[Collected data]
text \<open>Extended by \<open>Pperp u\<close>, the inverse becomes a linear map on the whole
  finite-dimensional space, hence bounded.\<close>
lemma inv_into_Tsp_bounded:
  fixes f :: "complex^'n \<Rightarrow> complex^'n"
  assumes u: "u \<noteq> 0" and f: "linear f" and bij: "bij_betw f (Tsp u) (Tsp u)"
  obtains K where "\<And>t. t \<in> Tsp u \<Longrightarrow> norm (inv_into (Tsp u) f t) \<le> K * norm t"
proof -
  let ?T = "Tsp u"
  let ?i = "inv_into ?T f"
  have inj: "inj_on f ?T"
    using bij by (auto simp: bij_betw_def)
  have i_in: "?i t \<in> ?T" and f_i: "f (?i t) = t" if "t \<in> ?T" for t
    using that bij_betw_apply[OF bij_betw_inv_into[OF bij]] bij_betw_inv_into_right[OF bij]
    by auto
  have i_add: "?i (p + q) = ?i p + ?i q" if "p \<in> ?T" "q \<in> ?T" for p q
  proof -
    have "f (?i p + ?i q) = p + q"
      using linear_add[OF f] f_i that by simp
    moreover have "?i p + ?i q \<in> ?T"
      using subspace_add[OF subspace_Tsp] i_in that by blast
    ultimately show ?thesis
      using inv_into_f_f[OF inj] by metis
  qed
  have i_scale: "?i (r *\<^sub>R p) = r *\<^sub>R ?i p" if "p \<in> ?T" for p r
  proof -
    have "f (r *\<^sub>R ?i p) = r *\<^sub>R p"
      using linear_scale[OF f] f_i that by simp
    moreover have "r *\<^sub>R ?i p \<in> ?T"
      using subspace_mul[OF subspace_Tsp] i_in that by blast
    ultimately show ?thesis
      using inv_into_f_f[OF inj] by metis
  qed
  have "linear (\<lambda>x. ?i (Pperp u x))"
    by (rule linearI)
      (simp_all add: Pperp_add i_add Pperp_in_Tsp[OF u] linear_scale[OF linear_Pperp] i_scale)
  then obtain K where "\<And>x. norm (?i (Pperp u x)) \<le> K * norm x"
    using linear_bounded by blast
  then show ?thesis
    using that Pperp_id_on_Tsp by metis
qed

lemma bij_betw_of_inj_on_subspace:
  fixes f :: "complex^'n \<Rightarrow> complex^'n"
  assumes "linear f" "subspace S" "f ` S \<subseteq> S" "inj_on f S"
  shows "bij_betw f S S"
proof -
  have "dim (f ` S) = dim S"
    using dim_image_eq[OF assms(1), of S] assms(2,4) span_eq_iff[of S] by metis
  then have "f ` S = S"
    using subspace_dim_equal[of "f ` S" S] linear_subspace_image[OF assms(1,2)] assms(2,3) by simp
  then show ?thesis
    using assms(4) by (simp add: bij_betw_def)
qed

definition Alv_inv_norm :: "complex^'n^'n \<Rightarrow> complex \<Rightarrow> complex^'n \<Rightarrow> real" where
  "Alv_inv_norm A lam v = opnorm_on (Tsp v) (inv_into (Tsp v) (Alv A lam v))"

lemma mu_eq_Alv_inv_norm:
  "bij_betw (Alv A lam v) (Tsp v) (Tsp v) \<Longrightarrow> mu A lam v = ereal (frob_norm A * Alv_inv_norm A lam v)"
  by (simp add: mu_def Alv_inv_norm_def)

lemma
  assumes "v \<noteq> 0" and bij: "bij_betw (Alv A lam v) (Tsp v) (Tsp v)"
  shows Alv_inv_norm_nonneg: "Alv_inv_norm A lam v \<ge> 0"
    and norm_le_Alv_inv_norm:
      "x \<in> Tsp v \<Longrightarrow> norm x \<le> Alv_inv_norm A lam v * norm (Alv A lam v x)"
proof -
  obtain K where K: "\<And>t. t \<in> Tsp v \<Longrightarrow> norm (inv_into (Tsp v) (Alv A lam v) t) \<le> K * norm t"
    using inv_into_Tsp_bounded[OF assms(1) linear_Alv bij] by blast
  let ?i = "inv_into (Tsp v) (Alv A lam v)"
  show "Alv_inv_norm A lam v \<ge> 0"
    unfolding Alv_inv_norm_def using K by (rule opnorm_on_nonneg)
  assume x: "x \<in> Tsp v"
  have "?i (Alv A lam v x) = x"
    using bij x by (simp add: bij_betw_def)
  moreover have "norm (?i (Alv A lam v x)) \<le> opnorm_on (Tsp v) ?i * norm (Alv A lam v x)"
    using K Alv_in_Tsp[OF assms(1)] by (rule norm_le_opnorm_on)
  ultimately show "norm x \<le> Alv_inv_norm A lam v * norm (Alv A lam v x)"
    by (simp add: Alv_inv_norm_def)
qed

lemma mu_nonneg:
  assumes "v \<noteq> 0"
  shows "mu A lam v \<ge> 0"
  using Alv_inv_norm_nonneg[OF assms]
  by (cases "bij_betw (Alv A lam v) (Tsp v) (Tsp v)")
    (simp_all add: mu_def Alv_inv_norm_def frob_norm_def sum_nonneg)

section \<open>Perturbing the vector \<open>v\<close>\<close>

definition shifted :: "complex^'n^'n \<Rightarrow> complex \<Rightarrow> complex^'n \<Rightarrow> complex^'n" where
  "shifted A lam x = A *v x - lam *s x"

lemma Alv_eq_Pperp_shifted: "Alv A lam v x = Pperp v (shifted A lam x)"
  by (simp add: Alv_def shifted_def)

lemma shifted_diff: "shifted A lam (x - y) = shifted A lam x - shifted A lam y"
  by (simp add: shifted_def matrix_vector_mult_diff_distrib vector_ssub_ldistrib)

lemma shifted_smult: "shifted A lam (a *s x) = a *s shifted A lam x"
  by (simp add: shifted_def vector_scalar_commute vector_ssub_ldistrib vector_smult_assoc mult.commute)

lemma norm_shifted_le:
  assumes "frob_norm A = 1" "norm u = 1" "A *v u = lam *s u"
  shows "norm (shifted A lam x) \<le> 2 * norm x"
proof -
  have "cmod lam \<le> 1"
    using norm_matrix_vector_mult_le[of A u] assms by (simp add: norm_smult)
  then have "norm (lam *s x) \<le> norm x"
    by (simp add: norm_smult mult_left_le_one_le)
  moreover have "norm (A *v x) \<le> norm x"
    using norm_matrix_vector_mult_le[of A x] assms(1) by simp
  ultimately show ?thesis
    unfolding shifted_def using norm_triangle_ineq4[of "A *v x" "lam *s x"] by linarith
qed

lemma Pperp_Alv_perturbation:
  assumes "norm u = 1" "norm w = 1" "A *v u = lam *s u"
  shows "Pperp u (Alv A lam w x)
    = Alv A lam u (Pperp u x) - cinner (shifted A lam x) w *s Pperp u w"
proof -
  have "shifted A lam u = 0"
    using assms(3) by (simp add: shifted_def)
  then have "Alv A lam u (Pperp u x) = Pperp u (shifted A lam x)"
    using assms(1) by (simp add: Alv_eq_Pperp_shifted Pperp_unit shifted_diff shifted_smult)
  moreover have "Pperp u (Alv A lam w x)
      = Pperp u (shifted A lam x) - cinner (shifted A lam x) w *s Pperp u w"
    using assms(2) by (simp add: Alv_eq_Pperp_shifted Pperp_unit[of w] Pperp_diff Pperp_smult)
  ultimately show ?thesis
    by simp
qed

lemma norm_perturbation_term_le:
  assumes "frob_norm A = 1" "norm u = 1" "norm w = 1" "A *v u = lam *s u"
  shows "norm (cinner (shifted A lam x) w *s Pperp u w) \<le> 2 * norm (Pperp u w) * norm x"
proof -
  have "cmod (cinner (shifted A lam x) w) \<le> 2 * norm x"
    using cinner_cauchy_schwarz[of "shifted A lam x" w] norm_shifted_le[OF assms(1,2,4), of x]
      assms(3) by simp
  then have "cmod (cinner (shifted A lam x) w) * norm (Pperp u w) \<le> 2 * norm x * norm (Pperp u w)"
    by (rule mult_right_mono) simp
  then show ?thesis
    by (simp add: norm_smult algebra_simps)
qed

lemma cmod_cinner_Tsp_le:
  assumes "norm u = 1" "norm w = 1" "x \<in> Tsp w"
  shows "cmod (cinner x u) \<le> norm (Pperp u w) * norm x"
proof -
  have "cinner x w = 0"
    using assms(3) by (simp add: Tsp_def)
  then have "cinner x (Pperp w u) = cinner x u"
    by (simp add: Pperp_unit[OF assms(2)] cinner_diff_right cinner_scale_right)
  moreover have "norm (Pperp w u) = norm (Pperp u w)"
    using norm_Pperp_unit_sq[OF assms(1,2)] by (metis norm_ge_zero power2_eq_iff_nonneg)
  ultimately show ?thesis
    using cinner_cauchy_schwarz[of x "Pperp w u"] by (simp add: mult.commute)
qed

lemma norm_Pperp_ge:
  assumes "norm u = 1" "norm w = 1" "x \<in> Tsp w"
  shows "cmod (cinner u w) * norm x \<le> norm (Pperp u x)"
proof -
  have "(cmod (cinner x u))\<^sup>2 \<le> (norm (Pperp u w) * norm x)\<^sup>2"
    using cmod_cinner_Tsp_le[OF assms] by (simp add: power_mono)
  then have "(cmod (cinner u w) * norm x)\<^sup>2 \<le> (norm (Pperp u x))\<^sup>2"
    using norm_Pperp_sq[OF assms(1), of x] norm_Pperp_unit_sq(1)[OF assms(1,2)]
    by (simp add: power_mult_distrib algebra_simps)
  then show ?thesis
    by (simp add: power_mono_iff)
qed

lemma Pperp_lift:
  assumes "norm u = 1" "norm w = 1" "t \<in> Tsp u" "cinner u w \<noteq> 0"
  obtains L where "L \<in> Tsp w" "Pperp u L = t" "cmod (cinner u w) * norm L \<le> norm t"
proof
  define L where "L = t - (cinner t w / cinner u w) *s u"
  show L: "L \<in> Tsp w"
    using assms(4) by (simp add: Tsp_def L_def cinner_diff_left cinner_scale_left)
  have "cinner t u = 0"
    using assms(3) by (simp add: Tsp_def)
  then show P: "Pperp u L = t"
    using assms(1)
    by (simp add: Pperp_unit L_def cinner_diff_left cinner_scale_left cinner_self)
  show "cmod (cinner u w) * norm L \<le> norm t"
    using norm_Pperp_ge[OF assms(1,2) L] P by simp
qed

lemma bij_Alv_of_lower_bound:
  assumes "w \<noteq> 0" "0 < a" "\<And>x. x \<in> Tsp w \<Longrightarrow> a * norm x \<le> b * norm (Alv A lam w x)"
  shows "bij_betw (Alv A lam w) (Tsp w) (Tsp w)"
proof (rule bij_betw_of_inj_on_subspace[OF linear_Alv subspace_Tsp])
  show "Alv A lam w ` Tsp w \<subseteq> Tsp w"
    using Alv_in_Tsp[OF assms(1)] by blast
  show "inj_on (Alv A lam w) (Tsp w)"
  proof (rule inj_onI)
    fix x y
    assume "x \<in> Tsp w" "y \<in> Tsp w" "Alv A lam w x = Alv A lam w y"
    then have "x - y \<in> Tsp w" "Alv A lam w (x - y) = 0"
      by (simp_all add: subspace_diff[OF subspace_Tsp] linear_diff[OF linear_Alv])
    then have "a * norm (x - y) \<le> 0"
      using assms(3) by fastforce
    then show "x = y"
      using assms(2) by (simp add: mult_le_0_iff)
  qed
qed

lemma Alv_inv_norm_le_of_lower_bound:
  assumes "bij_betw (Alv A lam v) (Tsp v) (Tsp v)" "0 < a" "0 \<le> b"
    and "\<And>x. x \<in> Tsp v \<Longrightarrow> a * norm x \<le> b * norm (Alv A lam v x)"
  shows "Alv_inv_norm A lam v \<le> b / a"
  unfolding Alv_inv_norm_def
proof (rule opnorm_on_inv_into_le[OF assms(1)])
  show "0 \<le> b / a"
    using assms(2,3) by simp
  show "norm x \<le> b / a * norm (Alv A lam v x)" if "x \<in> Tsp v" for x
    using assms(4)[OF that] assms(2) by (simp add: field_simps)
qed

lemma Alv_inv_norm_ge_half:
  assumes "frob_norm A = 1" "norm u = 1" "A *v u = lam *s u"
    and bij: "bij_betw (Alv A lam u) (Tsp u) (Tsp u)"
    and "t \<in> Tsp u" "t \<noteq> 0"
  shows "1/2 \<le> Alv_inv_norm A lam u"
proof -
  have "u \<noteq> 0"
    using assms(2) by auto
  have "norm t \<le> Alv_inv_norm A lam u * norm (Alv A lam u t)"
    using norm_le_Alv_inv_norm[OF \<open>u \<noteq> 0\<close> bij \<open>t \<in> Tsp u\<close>] .
  also have "\<dots> \<le> Alv_inv_norm A lam u * (2 * norm t)"
    using norm_Pperp_le[OF assms(2)] norm_shifted_le[OF assms(1-3), of t]
      Alv_inv_norm_nonneg[OF \<open>u \<noteq> 0\<close> bij]
    by (intro mult_left_mono) (auto simp: Alv_eq_Pperp_shifted intro: order_trans)
  finally show ?thesis
    using \<open>t \<noteq> 0\<close> by (simp add: algebra_simps)
qed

**TASK TO COMPLETE:** Starting with the line above that holds "by (simp add: power_mult_distrib" and stopping with the line that holds "using assms(2,3) by simp", reproduce each line exactly, omitting all other lines.

**EXERCISE SOLUTION:**
    by (simp add: power_mult_distrib algebra_simps)
  then show ?thesis
    by (simp add: power_mono_iff)
qed

lemma Pperp_lift:
  assumes "norm u = 1" "norm w = 1" "t \<in> Tsp u" "cinner u w \<noteq> 0"
  obtains L where "L \<in> Tsp w" "Pperp u L = t" "cmod (cinner u w) * norm L \<le> norm t"
proof
  define L where "L = t - (cinner t w / cinner u w) *s u"
  show L: "L \<in> Tsp w"
    using assms(4) by (simp add: Tsp_def L_def cinner_diff_left cinner_scale_left)
  have "cinner t u = 0"
    using assms(3) by (simp add: Tsp_def)
  then show P: "Pperp u L = t"
    using assms(1)
    by (simp add: Pperp_unit L_def cinner_diff_left cinner_scale_left cinner_self)
  show "cmod (cinner u w) * norm L \<le> norm t"
    using norm_Pperp_ge[OF assms(1,2) L] P by simp
qed

lemma bij_Alv_of_lower_bound:
  assumes "w \<noteq> 0" "0 < a" "\<And>x. x \<in> Tsp w \<Longrightarrow> a * norm x \<le> b * norm (Alv A lam w x)"
  shows "bij_betw (Alv A lam w) (Tsp w) (Tsp w)"
proof (rule bij_betw_of_inj_on_subspace[OF linear_Alv subspace_Tsp])
  show "Alv A lam w ` Tsp w \<subseteq> Tsp w"
    using Alv_in_Tsp[OF assms(1)] by blast
  show "inj_on (Alv A lam w) (Tsp w)"
  proof (rule inj_onI)
    fix x y
    assume "x \<in> Tsp w" "y \<in> Tsp w" "Alv A lam w x = Alv A lam w y"
    then have "x - y \<in> Tsp w" "Alv A lam w (x - y) = 0"
      by (simp_all add: subspace_diff[OF subspace_Tsp] linear_diff[OF linear_Alv])
    then have "a * norm (x - y) \<le> 0"
      using assms(3) by fastforce
    then show "x = y"
      using assms(2) by (simp add: mult_le_0_iff)
  qed
qed

lemma Alv_inv_norm_le_of_lower_bound:
  assumes "bij_betw (Alv A lam v) (Tsp v) (Tsp v)" "0 < a" "0 \<le> b"
    and "\<And>x. x \<in> Tsp v \<Longrightarrow> a * norm x \<le> b * norm (Alv A lam v x)"
  shows "Alv_inv_norm A lam v \<le> b / a"
  unfolding Alv_inv_norm_def
proof (rule opnorm_on_inv_into_le[OF assms(1)])
  show "0 \<le> b / a"
    using assms(2,3) by simp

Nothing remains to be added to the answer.